lemma in_width_le_pow2:
  fixes S :: "(real^'n) set"
  assumes "open S" "p \<in> S" "S \<subseteq> {x. \<forall>i. 0 < x$i \<and> x$i < real N}"
    and lev: "\<And>x. x \<in> S \<inter> grid N \<Longrightarrow> lev_pt x \<le> l"
  shows "in_width S \<le> 2^(l+1)"
  unfolding in_width_def
proof (rule cSup_least)
  show "{w. w > 0 \<and> (\<exists>a. dcube a w \<subseteq> S)} \<noteq> {}" using open_contains_dcube[OF assms(1,2)] by auto
next
  fix w assume "w \<in> {w. w > 0 \<and> (\<exists>a. dcube a w \<subseteq> S)}"
  then obtain a :: "real^'n" where a: "dcube a w \<subseteq> S" by auto
  show "w \<le> 2^(l+1)"
  proof (rule ccontr)
    assume "\<not> w \<le> 2^(l+1)"
    define c where "c i = \<lceil>a$i / 2^(l+1)\<rceil>" for i
    define x :: "real^'n" where "x = (\<chi> i. 2^(l+1) * of_int (c i))"
    have x_nth: "x$i = 2^(l+1) * of_int (c i)" for i by (simp add: x_def)
    have "x \<in> S"
      using a dcube_contains_multiple[of "2^(l+1)" w a] \<open>\<not> w \<le> 2^(l+1)\<close>
      unfolding x_def c_def by auto
    then have pos: "0 < x$i" "x$i < real N" for i using assms(3) by auto
    have "x \<in> grid N" using pos by (simp add: grid_def x_nth)
    moreover have "c i \<noteq> 0" for i using pos(1)[of i] by (auto simp: x_nth)
    then have "l + 1 \<le> lev_pt x" using x_nth by (rule lev_pt_ge_of_multiples[rotated])
    ultimately show False using lev[of x] \<open>x \<in> S\<close> by simp
  qed
qed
^^^^^^^^
WORK ORDER: Take the material above and transcribe all of it exactly.

PROBLEM SOLUTION:
lemma in_width_le_pow2:
  fixes S :: "(real^'n) set"
  assumes "open S" "p \<in> S" "S \<subseteq> {x. \<forall>i. 0 < x$i \<and> x$i < real N}"
    and lev: "\<And>x. x \<in> S \<inter> grid N \<Longrightarrow> lev_pt x \<le> l"
  shows "in_width S \<le> 2^(l+1)"
  unfolding in_width_def
proof (rule cSup_least)
  show "{w. w > 0 \<and> (\<exists>a. dcube a w \<subseteq> S)} \<noteq> {}" using open_contains_dcube[OF assms(1,2)] by auto
next
  fix w assume "w \<in> {w. w > 0 \<and> (\<exists>a. dcube a w \<subseteq> S)}"
  then obtain a :: "real^'n" where a: "dcube a w \<subseteq> S" by auto
  show "w \<le> 2^(l+1)"
  proof (rule ccontr)
    assume "\<not> w \<le> 2^(l+1)"
    define c where "c i = \<lceil>a$i / 2^(l+1)\<rceil>" for i
    define x :: "real^'n" where "x = (\<chi> i. 2^(l+1) * of_int (c i))"
    have x_nth: "x$i = 2^(l+1) * of_int (c i)" for i by (simp add: x_def)
    have "x \<in> S"
      using a dcube_contains_multiple[of "2^(l+1)" w a] \<open>\<not> w \<le> 2^(l+1)\<close>
      unfolding x_def c_def by auto
    then have pos: "0 < x$i" "x$i < real N" for i using assms(3) by auto
    have "x \<in> grid N" using pos by (simp add: grid_def x_nth)
    moreover have "c i \<noteq> 0" for i using pos(1)[of i] by (auto simp: x_nth)
    then have "l + 1 \<le> lev_pt x" using x_nth by (rule lev_pt_ge_of_multiples[rotated])
    ultimately show False using lev[of x] \<open>x \<in> S\<close> by simp
  qed
qed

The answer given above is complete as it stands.